Renting & Real Estate No Comments »
home mortgage
jason asked:


Is it going to be more difficult to secure a 800K Commercial Building loan than say 6 months ago? I will be in the market for that kind of loan in the next week or two and haven’t a feel for the market right now.

Gerald

does paying extra payments of a car loan help in getting a home mortgage?

Renting & Real Estate No Comments »
home mortgage
Homeloanquestion asked:


I have 11 months left in my car loan. I was told that if I pay a few extra payments, the debt will not be considered when I try to get a mortgage.

Debra

What You Need to Know about a Home Mortgage Loan

Mortgage No Comments »
home mortgage
Michael Contaro asked:


For instance, you are quite tired of renting apartment units. It is been a long time since you have been renting (probably when you have started your first work several years ago) and you estimated that you have already spent an amount sufficient to purchase a modest and permanent home. At this point in time, you realized that it is now the moment to shop for a home that you want to stay in. However, you are hindered by lack of financial funds that you can use on financing the purchase of your new home. There is no chance that a real estate agent will provide you the necessary documentations saying that you are now the new owner if you do not have enough funds.

Will you still go back to being a tenant until you retire from your present work?

What if there is an alternative that you can resort to in this case? Are you willing to give it a try or you will just turn your back on this opportunity of owning a new home without the need of paying the full value immediately?

Yes, there is still a way! And it is through securing a home mortgage loan.

Home mortgage loans are popular financing schemes in purchasing a new home. Arranging mortgage loans are seen as the standard method of buying residential properties without the need of paying the full value immediately. Under typical home mortgage loans conditions, your mortgage lender will pay the owner or developer of the home of your choice, and you will make monthly repayments of the amount your lender spent on purchasing the home from the owner or developer. The term of the mortgage loan is dependent on what you will agree with the lender.

The interest rates applicable on a home mortgage loan may vary according to the loan term and the principal amount. There are two types of interest rates applied on home mortgage loans. These are the following:

1) Fixed rate mortgage (FRM) as the name suggests, the interest rate is fixed, hence the monthly repayment for the term of the home mortgage loan. In the United States, the home mortgage loan term where the FRM is applicable is typically for 10, 15, 20, or 30 years. The only increase that you can expect in your monthly repayments is the result of increase on property taxes and insurance rates. But the interest rate and the basic monthly repayment amounts will be consistent throughout the term of the home mortgage loan.

2) Adjustable rate mortgage (ARM) the interest period is initially fixed for a certain period of time.

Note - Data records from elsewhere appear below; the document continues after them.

lemma snoc_Suc_perms_iff: "\<tau> @ [Suc n] \<in> perms (Suc n) \<longleftrightarrow> \<tau> \<in> perms n"
proof
  assume "\<tau> @ [Suc n] \<in> perms (Suc n)"
  then have "distinct \<tau>" "Suc n \<notin> set \<tau>" "insert (Suc n) (set \<tau>) = {1..Suc n}"
    by (auto simp: perms_def)
  moreover from this have "set \<tau> = {1..Suc n} - {Suc n}" by blast
  moreover have "{1..Suc n} - {Suc n} = {1..n}" by auto
  ultimately show "\<tau> \<in> perms n" unfolding perms_def by simp
qed (auto simp: perms_def)

lemma snoc_lift_perms:
  assumes "\<sigma> \<in> perms n" "1 \<le> n"
  shows "map (lift n) \<sigma> @ [n] \<in> perms (Suc n)"
proof -
  have "set (map (lift n) \<sigma>) = {1..Suc n} - {n}"
    using assms lift_image by (simp add: perms_def)
  moreover have "distinct (map (lift n) \<sigma>)"
    using assms(1) strict_mono_lift strict_mono_imp_inj_on
    by (auto simp: perms_def distinct_map intro: inj_on_subset)
  ultimately show ?thesis using assms(2) by (auto simp: perms_def)
qed

lemma snoc_perms_lower:
  assumes "\<tau> @ [n] \<in> perms (Suc n)" "1 \<le> n"
  shows "map (lower n) \<tau> \<in> perms n" "map (lift n) (map (lower n) \<tau>) = \<tau>"
proof -
  from assms(1) have "distinct \<tau>" "n \<notin> set \<tau>" "insert n (set \<tau>) = {1..Suc n}"
    unfolding perms_def by simp_all
  then have set_\<tau>: "set \<tau> = {1..Suc n} - {n}" by blast
  then show lift_lower_\<tau>: "map (lift n) (map (lower n) \<tau>) = \<tau>"
    unfolding map_map by (intro map_idI) (simp add: lift_lower)
  have "set (map (lower n) \<tau>) = lower n ` lift n ` {1..n}"
    using lift_image[OF assms(2)] set_\<tau> by simp
  then have "set (map (lower n) \<tau>) = {1..n}" by (simp add: image_image)
  moreover have "distinct (map (lift n) (map (lower n) \<tau>))"
    using \<open>distinct \<tau>\<close> lift_lower_\<tau> by simp
  then have "distinct (map (lower n) \<tau>)" using distinct_map by blast
  ultimately show "map (lower n) \<tau> \<in> perms n" by (simp add: perms_def)
qed

lemma F_snoc_Suc_iff:
  assumes "\<forall>p\<in>set ps. two_above_last p"
  shows "\<tau> @ [Suc n] \<in> F (Suc n) ps \<longleftrightarrow> \<tau> \<in> F n ps"
proof (cases "\<tau> \<in> perms n")
  case True
  then have "\<forall>x\<in>set \<tau>. x \<le> Suc (Suc n)" using perms_le by fastforce
  then show ?thesis
    using assms True
    by (simp add: F_def snoc_Suc_perms_iff fishburn_snoc_iff avoids_snoc_iff)
qed (simp add: F_def snoc_Suc_perms_iff)

lemma F_snoc_lift_iff:
  assumes "\<forall>p\<in>set ps. two_above_last p" "\<sigma> \<in> perms n" "1 \<le> n"
  shows "map (lift n) \<sigma> @ [n] \<in> F (Suc n) ps \<longleftrightarrow> \<sigma> \<in> F n ps"
proof -
  have small: "\<forall>x\<in>set \<sigma>. x \<le> n" using perms_le[OF assms(2)] .
  then have "\<forall>x\<in>set (map (lift n) \<sigma>). x \<le> Suc n" by (auto simp: lift_def)
  moreover have "avoids (map (lift n) \<sigma>) p \<longleftrightarrow> avoids \<sigma> p" for p
    by (simp add: avoids_def contains_map_strict_mono[OF strict_mono_lift])
  ultimately show ?thesis
    using assms snoc_lift_perms[OF assms(2,3)] fishburn_map_lift[OF small]
    by (simp add: F_def fishburn_snoc_iff avoids_snoc_iff)
qed

lemma contains_321I:
  assumes "i < j" "j < k" "k < length \<pi>" "\<pi> ! k < \<pi> ! j" "\<pi> ! j < \<pi> ! i"
  shows "contains \<pi> [3,2,1]"
  unfolding contains_def
  by (rule exI[of _ "nth [i,j,k]"]) (use assms in \<open>auto simp: less_Suc_eq numeral_eq_Suc\<close>)

lemma contains_3142I:
  assumes "i < j" "j < k" "k < l" "l < length \<pi>"
    "\<pi> ! j < \<pi> ! l" "\<pi> ! l < \<pi> ! i" "\<pi> ! i < \<pi> ! k"
  shows "contains \<pi> [3,1,4,2]"
  unfolding contains_def
  by (rule exI[of _ "nth [i,j,k,l]"]) (use assms in \<open>auto simp: less_Suc_eq numeral_eq_Suc\<close>)
(* Let $(\log\rho_i)_{i\in\mathbb Z}$ be i.i.d. real random variables with $\mathbb P[\log\rho_0>0]>0$ and $\mathbb P[\log\rho_0<0]>0$, and let $V$ be the associated random walk defined below. Let $h>0$. Then the process $\big(V[m_1(h)-k]-V[m_1(h)],\ 0\le k\le m_1(h)-{}^{\uparrow}T_h(h)\big)$ conditioned on $\{{}^{\uparrow}T_h(h)\ge0\}$ has the same law as $\big(V(-k),\ 0\le k\le T_{V(-\cdot)}([h,+\infty[)\big)$ conditioned on $\{T_{V(-\cdot)}([h,+\infty[)<T_{V(-\cdot)}(]-\infty,0])\}$.
   Context: $V(x)=\sum_{k=1}^x\log\rho_k$ for $x>0$, $V(0)=0$, $V(x)=-\sum_{k=x+1}^0\log\rho_k$ for $x<0$. $V^\uparrow(x)=\max_{0\le i\le j\le x}[V(j)-V(i)]$ for $x\in\mathbb N$; $T^\uparrow(h)=\min\{x\ge0:V^\uparrow(x)\ge h\}$; $m_1(h)=\min\{x\ge0:V(x)=\min_{[0,T^\uparrow(h)]}V\}$; ${}^{\uparrow}T_h(y)=\max\{x\in\mathbb Z:x\le m_1(h),\ V(x)-V(m_1(h))\ge y\}$ with $\max\emptyset=-\infty$. For $A\subset\mathbb R$, $T_{V(-\cdot)}(A)=\min\{x\ge1:V(-x)\in A\}$. *)

theory Defs
  imports "HOL-Probability.Probability"
begin

text \<open>Throughout, r :: int => real plays the role of the environment (log rho_k)_k.\<close>

definition Vw :: "(int \<Rightarrow> real) \<Rightarrow> int \<Rightarrow> real" where
  "Vw r x = (if x > 0 then (\<Sum>k\<in>{1..x}. r k)
             else if x = 0 then 0 else - (\<Sum>k\<in>{x+1..0}. r k))"

definition Vup :: "(int \<Rightarrow> real) \<Rightarrow> nat \<Rightarrow> real" where
  "Vup r x = Max {Vw r (int j) - Vw r (int i) | i j. i \<le> j \<and> j \<le> x}"

text \<open>T^up(h), meaningful when some x has Vup r x >= h (see hasTup).\<close>
definition hasTup :: "(int \<Rightarrow> real) \<Rightarrow> real \<Rightarrow> bool" where
  "hasTup r h = (\<exists>x. Vup r x \<ge> h)"

definition Tup :: "(int \<Rightarrow> real) \<Rightarrow> real \<Rightarrow> nat" where
  "Tup r h = (LEAST x. Vup r x \<ge> h)"

definition m1 :: "(int \<Rightarrow> real) \<Rightarrow> real \<Rightarrow> nat" where
  "m1 r h = (LEAST x. Vw r (int x) = Min (Vw r ` int ` {0..Tup r h}))"

text \<open>upT r h y = the paper's {}^{up}T_h(y); None encodes -infinity (max of empty set).\<close>
definition upT :: "(int \<Rightarrow> real) \<Rightarrow> real \<Rightarrow> real \<Rightarrow> int option" where
  "upT r h y = (let S = {x::int. x \<le> int (m1 r h) \<and> Vw r x - Vw r (int (m1 r h)) \<ge> y}
                in if S = {} then None else Some (GREATEST x. x \<in> S))"

definition Tneg :: "(int \<Rightarrow> real) \<Rightarrow> real set \<Rightarrow> enat" where
  "Tneg r A = (if \<exists>x::nat. x \<ge> 1 \<and> Vw r (- int x) \<in> A
               then enat (LEAST x::nat. x \<ge> 1 \<and> Vw r (- int x) \<in> A) else \<infinity>)"

definition event1 :: "(int \<Rightarrow> real) \<Rightarrow> real \<Rightarrow> bool" where
  "event1 r h = (hasTup r h \<and> (\<exists>t. upT r h h = Some t \<and> t \<ge> 0))"

definition len1 :: "(int \<Rightarrow> real) \<Rightarrow> real \<Rightarrow> nat" where
  "len1 r h = nat (int (m1 r h) - the (upT r h h))"

definition path1 :: "(int \<Rightarrow> real) \<Rightarrow> real \<Rightarrow> nat \<Rightarrow> real" where
  "path1 r h k = Vw r (int (m1 r h) - int k) - Vw r (int (m1 r h))"

definition event2 :: "(int \<Rightarrow> real) \<Rightarrow> real \<Rightarrow> bool" where
  "event2 r h = (Tneg r {h..} < Tneg r {..0})"

definition len2 :: "(int \<Rightarrow> real) \<Rightarrow> real \<Rightarrow> nat" where
  "len2 r h = the_enat (Tneg r {h..})"

definition path2 :: "(int \<Rightarrow> real) \<Rightarrow> nat \<Rightarrow> real" where
  "path2 r k = Vw r (- int k)"

end

(* The event "upT(h) = t >= 0 and m1(h) - upT(h) = n" is
   the intersection of three conditions on disjoint blocks of increments: V has no rise of
   height h on [0, t]; read backwards from t + n, V leaves (0, h) through h at time n, which is
   the second event with T_{V(-.)}([h, oo)) = n; and after t + n, V climbs h above V(t + n)
   without going below it.  Conversely these three conditions force T^up(h), m1(h) and upT(h)
   to take the intended values.  Independence and stationarity of the increments then give
   P(first event, length n, path in B) = c * P(second event, length n, path in B), where
   c = E[T^up(h)] * P(V climbs to h before going negative) depends neither on n nor on B.
   Summing over n gives the same relation between the conditioning events, and c > 0 cancels. *)

theory Submission
  imports Defs
begin

lemma Vw_eq_sum: "Vw r x = (if 0 \<le> x then (\<Sum>k\<in>{0<..x}. r k) else - (\<Sum>k\<in>{x<..0}. r k))"
proof -
  have "{1..x} = {0<..x}" "{x+1..0} = {x<..0}" for x :: int by auto
  then show ?thesis unfolding Vw_def by auto
qed

lemma sum_greaterThanAtMost_split:
  fixes a b c :: int
  assumes "a \<le> b" "b \<le> c"
  shows "(\<Sum>k\<in>{a<..c}. f k) = (\<Sum>k\<in>{a<..b}. f k) + (\<Sum>k\<in>{b<..c}. f k)"
proof -
  have "{a<..c} = {a<..b} \<union> {b<..c}" using assms by auto
  then show ?thesis by (simp add: sum.union_disjoint)
qed

lemma Vw_diff: "a \<le> b \<Longrightarrow> Vw r b - Vw r a = (\<Sum>k\<in>{a<..b}. r k)"
  unfolding Vw_eq_sum
  using sum_greaterThanAtMost_split[of a 0 b r] sum_greaterThanAtMost_split[of a b 0 r]
    sum_greaterThanAtMost_split[of 0 a b r]
  by auto

lemma Vw_shift: "Vw (\<lambda>i. r (i + m)) x = Vw r (x + m) - Vw r m"
proof -
  have shift: "(\<Sum>k\<in>{a<..b}. r (k + m)) = (\<Sum>k\<in>{a + m<..b + m}. r k)" for a b
    by (rule sum.reindex_bij_witness[of _ "\<lambda>i. i - m" "\<lambda>i. i + m"]) auto
  show ?thesis
  proof (cases "0 \<le> x")
    case True
    then show ?thesis using Vw_diff[of m "x + m" r] by (simp add: Vw_eq_sum shift)
  next
    case False
    then show ?thesis using Vw_diff[of "x + m" m r] by (simp add: Vw_eq_sum shift)
  qed
qed

lemma Vw_cong:
  assumes "\<And>k. 0 < k \<and> k \<le> x \<or> x < k \<and> k \<le> 0 \<Longrightarrow> r k = r' k"
  shows "Vw r x = Vw r' x"
  unfolding Vw_def using assms by (auto intro!: sum.cong)

lemma Vw_0 [simp]: "Vw r 0 = 0"
  unfolding Vw_def by simp

lemma finite_rises: "finite {Vw r (int j) - Vw r (int i) | i j. i \<le> j \<and> j \<le> x}"
proof (rule finite_subset)
  show "{Vw r (int j) - Vw r (int i) | i j. i \<le> j \<and> j \<le> x}
      \<subseteq> (\<lambda>(i, j). Vw r (int j) - Vw r (int i)) ` ({..x} \<times> {..x})" by force
qed simp

lemma Vup_ge: "i \<le> j \<Longrightarrow> j \<le> x \<Longrightarrow> Vw r (int j) - Vw r (int i) \<le> Vup r x"
  unfolding Vup_def by (rule Max_ge[OF finite_rises]) blast

lemma Vup_attained: "\<exists>i j. i \<le> j \<and> j \<le> x \<and> Vup r x = Vw r (int j) - Vw r (int i)"
proof -
  have "Vup r x \<in> {Vw r (int j) - Vw r (int i) | i j. i \<le> j \<and> j \<le> x}"
    unfolding Vup_def by (rule Max_in[OF finite_rises]) blast
  then show ?thesis by blast
qed

lemma le_Vup_iff: "h \<le> Vup r x \<longleftrightarrow> (\<exists>i j. i \<le> j \<and> j \<le> x \<and> h \<le> Vw r (int j) - Vw r (int i))"
  using Vup_attained[of x r] Vup_ge[of _ _ x r] by (metis order_trans)

lemma Vup_less_iff: "Vup r x < h \<longleftrightarrow> (\<forall>j\<le>x. \<forall>i\<le>j. Vw r (int j) - Vw r (int i) < h)"
  using le_Vup_iff[of h r x] by (auto simp: not_le[symmetric])

lemma Vup_0: "Vup r 0 = 0"
  using Vup_attained[of 0 r] by auto

lemma Vup_cong:
  assumes "\<And>k. 0 < k \<Longrightarrow> k \<le> int x \<Longrightarrow> r k = r' k"
  shows "Vup r x = Vup r' x"
proof -
  have "Vw r (int j) = Vw r' (int j)" if "j \<le> x" for j
    by (rule Vw_cong) (use assms that in auto)
  then show ?thesis unfolding Vup_def by (metis (no_types, opaque_lifting) order_trans)
qed

lemma Tup_rise: "hasTup r h \<Longrightarrow> h \<le> Vup r (Tup r h)"
  unfolding hasTup_def Tup_def by (rule LeastI_ex)

lemma Tup_least: "y < Tup r h \<Longrightarrow> Vup r y < h"
  unfolding Tup_def using not_less_Least[of y "\<lambda>x. h \<le> Vup r x"] by simp

lemma Tup_eqI:
  assumes "h \<le> Vup r T" and "\<And>y. y < T \<Longrightarrow> Vup r y < h"
  shows "hasTup r h" and "Tup r h = T"
proof -
  show "hasTup r h" unfolding hasTup_def using assms(1) by blast
  have "T \<le> y" if "h \<le> Vup r y" for y
    using assms(2)[of y] that by (meson leI not_le)
  then show "Tup r h = T" unfolding Tup_def using assms(1) by (intro Least_equality)
qed

lemma Tup_rise_ends_at_Tup:
  assumes "hasTup r h"
  obtains i where "i \<le> Tup r h" and "h \<le> Vw r (int (Tup r h)) - Vw r (int i)"
proof -
  obtain i j where ij: "i \<le> j" "j \<le> Tup r h" "h \<le> Vw r (int j) - Vw r (int i)"
    using Tup_rise[OF assms] le_Vup_iff by blast
  have "h \<le> Vup r j" using ij le_Vup_iff by blast
  then have "j = Tup r h" using Tup_least[of j r h] ij(2) by (meson le_neq_implies_less not_le)
  then show ?thesis using that ij by simp
qed

lemma m1_argmin: "m1 r h \<le> Tup r h \<and> Vw r (int (m1 r h)) = Min (Vw r ` int ` {0..Tup r h})"
proof -
  let ?mn = "Min (Vw r ` int ` {0..Tup r h})"
  have "?mn \<in> Vw r ` int ` {0..Tup r h}" by (rule Min_in) auto
  then obtain x where x: "x \<le> Tup r h" "Vw r (int x) = ?mn" by force
  have "Vw r (int (m1 r h)) = ?mn" unfolding m1_def by (rule LeastI[of _ x]) (fact x(2))
  moreover have "m1 r h \<le> x" unfolding m1_def by (rule Least_le) (fact x(2))
  ultimately show ?thesis using x(1) by simp
qed

lemma m1_le_Tup: "m1 r h \<le> Tup r h"
  using m1_argmin by blast

lemma Vw_m1_le: "y \<le> Tup r h \<Longrightarrow> Vw r (int (m1 r h)) \<le> Vw r (int y)"
  unfolding m1_argmin[THEN conjunct2] by (rule Min_le) auto

lemma Vw_m1_less:
  assumes "y < m1 r h"
  shows "Vw r (int (m1 r h)) < Vw r (int y)"
proof -
  have "Vw r (int y) \<noteq> Min (Vw r ` int ` {0..Tup r h})"
    using not_less_Least[of y "\<lambda>x. Vw r (int x) = Min (Vw r ` int ` {0..Tup r h})"] assms
    unfolding m1_def by blast
  then have "Vw r (int y) \<noteq> Vw r (int (m1 r h))" using m1_argmin by metis
  moreover have "y \<le> Tup r h" using assms m1_le_Tup[of r h] by linarith
  ultimately show ?thesis using Vw_m1_le[of y r h] by linarith
qed

lemma m1_eqI:
  assumes "m \<le> Tup r h"
    and "\<And>y. y \<le> Tup r h \<Longrightarrow> Vw r (int m) \<le> Vw r (int y)"
    and "\<And>y. y < m \<Longrightarrow> Vw r (int m) < Vw r (int y)"
  shows "m1 r h = m"
proof -
  have "Min (Vw r ` int ` {0..Tup r h}) = Vw r (int m)"
    by (rule Min_eqI) (use assms(1,2) in auto)
  moreover have "m \<le> y" if "Vw r (int y) = Vw r (int m)" for y
    using assms(3)[of y] that by (cases "y < m") auto
  ultimately show ?thesis unfolding m1_def by (intro Least_equality) auto
qed
lemma line_agrees_on_segment:
  assumes l: "line l" and l': "line l'" and s: "l a = l' s" and t: "l b = l' t" and "a \<le> b"
  obtains c e where "e = 1 \<or> e = -1" "\<And>n. a \<le> n \<Longrightarrow> n \<le> b \<Longrightarrow> l n = l' (c + e * n)"
proof -
  have "nat \<bar>s - t\<bar> = nat \<bar>a - b\<bar>"
    using line_tdist[OF l, of a b] line_tdist[OF l', of s t] s t by simp
  then have "\<bar>t - s\<bar> = b - a"
    using \<open>a \<le> b\<close> by simp
  then obtain e :: int where e: "e = 1 \<or> e = -1" and t_eq: "t = s + e * (b - a)"
    by (cases "s \<le> t") (auto intro: that)
  have "l n = l' (s - e * a + e * n)" if n: "a \<le> n" "n \<le> b" for n
  proof -
    have "d (l' s) (l' (s - e * a + e * n)) = nat (n - a)"
      "d (l' (s - e * a + e * n)) (l' t) = nat (b - n)"
      using e n t_eq by (auto simp: line_tdist[OF l'])
    moreover have "d (l' s) (l' t) = nat (b - a)"
      using line_tdist[OF l', of s t] \<open>\<bar>t - s\<bar> = b - a\<close> by simp
    ultimately have "l' (s - e * a + e * n) \<in> segment adj (l a) (l b)"
      using s t n by (simp add: segment_def)
    moreover have "l n \<in> segment adj (l a) (l b)"
      using segment_line[OF l \<open>a \<le> b\<close>] n by simp
    moreover have "d (l a) (l n) = nat (n - a)"
      using line_tdist[OF l, of a n] n by simp
    ultimately show ?thesis
      using segment_unique \<open>d (l' s) (l' (s - e * a + e * n)) = nat (n - a)\<close> s by metis
  qed
  with e that show thesis
    by blast
qed

lemma translation_on_overlap:
  assumes l: "line l" and l': "line l'" and f: "\<And>m. f (l' m) = l' (m + t)"
    and "l a \<in> range l'" "l b \<in> range l'" and "a \<le> b"
  obtains e where "e = 1 \<or> e = -1"
    "\<And>n. a \<le> n \<Longrightarrow> n \<le> b \<Longrightarrow> a \<le> n + e * t \<Longrightarrow> n + e * t \<le> b \<Longrightarrow> f (l n) = l (n + e * t)"
proof -
  obtain s s' where "l a = l' s" "l b = l' s'"
    using assms(4,5) by auto
  then obtain c e where e: "e = 1 \<or> e = -1"
    and agree: "\<And>n. a \<le> n \<Longrightarrow> n \<le> b \<Longrightarrow> l n = l' (c + e * n)"
    using line_agrees_on_segment[OF l l'] \<open>a \<le> b\<close> by metis
  have "f (l n) = l (n + e * t)"
    if "a \<le> n" "n \<le> b" "a \<le> n + e * t" "n + e * t \<le> b" for n
  proof -
    have "c + e * (n + e * t) = c + e * n + t"
      using e by (auto simp: algebra_simps)
    then show ?thesis
      using agree[of n] agree[of "n + e * t"] f that by (simp add: add.assoc)
  qed
  with e that show thesis
    by blast
qed

lemma line_reparam:
  assumes l: "line l" and l': "line l'" and "range l \<subseteq> range l'"
  obtains c e where "\<And>n. l n = l' (c + e * n)" "e = 1 \<or> e = -1"
proof -
  have "\<forall>n. \<exists>m. l n = l' m"
    using assms(3) by blast
  then obtain \<sigma> where \<sigma>: "\<And>n. l n = l' (\<sigma> n)"
    by metis
  have "nat \<bar>\<sigma> m - \<sigma> n\<bar> = nat \<bar>m - n\<bar>" for m n
    using line_tdist[OF l, of m n] line_tdist[OF l', of "\<sigma> m" "\<sigma> n"] \<sigma> by simp
  then have "\<bar>\<sigma> m - \<sigma> n\<bar> = \<bar>m - n\<bar>" for m n
    by (simp add: eq_nat_nat_iff)
  then obtain c e where "\<And>n. \<sigma> n = c + e * n" and e: "e = 1 \<or> e = -1"
    using int_isometry_affine by blast
  with \<sigma> show thesis
    by (intro that[OF _ e]) simp
qed

lemma line_range_eq:
  assumes l: "line l" and l': "line l'" and "range l \<subseteq> range l'"
  shows "range l = range l'"
proof -
  obtain c e where reparam: "\<And>n. l n = l' (c + e * n)" and e: "e = 1 \<or> e = -1"
    using line_reparam[OF assms] by blast
  have "l' m = l (e * (m - c))" for m
    using e reparam[of "e * (m - c)"] by (auto simp: algebra_simps)
  then show ?thesis
    using assms(3) by auto
qed

lemma line_map_fixes:
  assumes l: "line l" and fl: "line (\<lambda>n. f (l n))" and "range (\<lambda>n. f (l n)) \<subseteq> range l"
    and "f (l a) = l a" and "f (l b) = l b" and "a \<noteq> b"
  shows "f (l n) = l n"
proof -
  obtain c e where ce: "\<And>n. f (l n) = l (c + e * n)" and e: "e = 1 \<or> e = -1"
    using line_reparam[OF fl l assms(3)] by blast
  have "c + e * a = a" "c + e * b = b"
    using assms(4,5) ce line_eq_iff[OF l] by metis+
  with e \<open>a \<noteq> b\<close> have "e = 1" "c = 0"
    by auto
  with ce show ?thesis
    by simp
qed
(* Let $G=(V,E)$ be a graph and let $\alpha$ be the cardinality of a maximum independent set of $G$. For any edge weight $w$ and vertex measure $\mu$ on $G$, $$\alpha\le\min_{\sigma}\#\{k: L_k(\Gamma^\sigma)=0\},$$ where the minimum is over all signatures $\sigma:E\to\{+1,-1\}$ and $\Gamma^\sigma=(G,\sigma)$ (with the given $w$ and $\mu$).
   Context: $G=(V,E)$ is a finite undirected graph without self-loops, $V=\{1,\dots,n\}$. A signed graph $(G,\sigma)$ has signature $\sigma:E\to\{\pm1\}$, edge weight $w:E\to(0,\infty)$, vertex measure $\mu:V\to(0,\infty)$, potential $\kappa:V\to\mathbb R$. For $p\ge1$ and nonzero $f$, $\mathcal R_p^\sigma(f)=\frac{\sum_{\{i,j\}\in E}w_{ij}|f(i)-\sigma_{ij}f(j)|^p+\sum_i\kappa_i|f(i)|^p}{\sum_i\mu_i|f(i)|^p}$; $\mathcal S_p=\{f:\sum_i\mu_i|f(i)|^p=1\}$; Krasnoselskii genus $\gamma(B)$ of closed symmetric $B\subset\mathbb R^n\setminus\{0\}$: least $k$ with an odd continuous map $B\to\mathbb R^k\setminus\{0\}$; $\mathcal F_k(\mathcal S_p)$ = closed symmetric $B\subset\mathcal S_p$ with $\gamma(B)\ge k$; $\lambda_k^{(p)}=\min_{B\in\mathcal F_k(\mathcal S_p)}\max_{f\in B}\mathcal R_p^\sigma(f)$. Cut-off adjacency eigenvalues: $L_k(\Gamma):=\lim_{p\to\infty}2^{-p}\lambda_k^{(p)}(\Gamma)$, $k=1,\dots,n$ (limits exist, are nonnegative and independent of $\kappa$). *)

theory Defs
  imports "HOL-Analysis.Analysis"
begin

After which, it will now be subjected on changes (either adjust up or down) based on various market indexes. In the United States, the most common indices used in determining ARM are the Prime Rate and Treasure Index. Home mortgage loans having this type of interest rate transfers the risk from the mortgage lender to the borrower.

The mortgage lender determines whether an applicant is eligible for the home mortgage loan he selected based on different factors, but the most popular is the applicant’s credit scores. The higher your credit score, the more creditworthy you are to your lender, which could lead to cost-efficient home mortgage loans.

With home mortgage loans, you will be able to realize your ultimate dream of becoming a new homeowner and not just a tenant forever.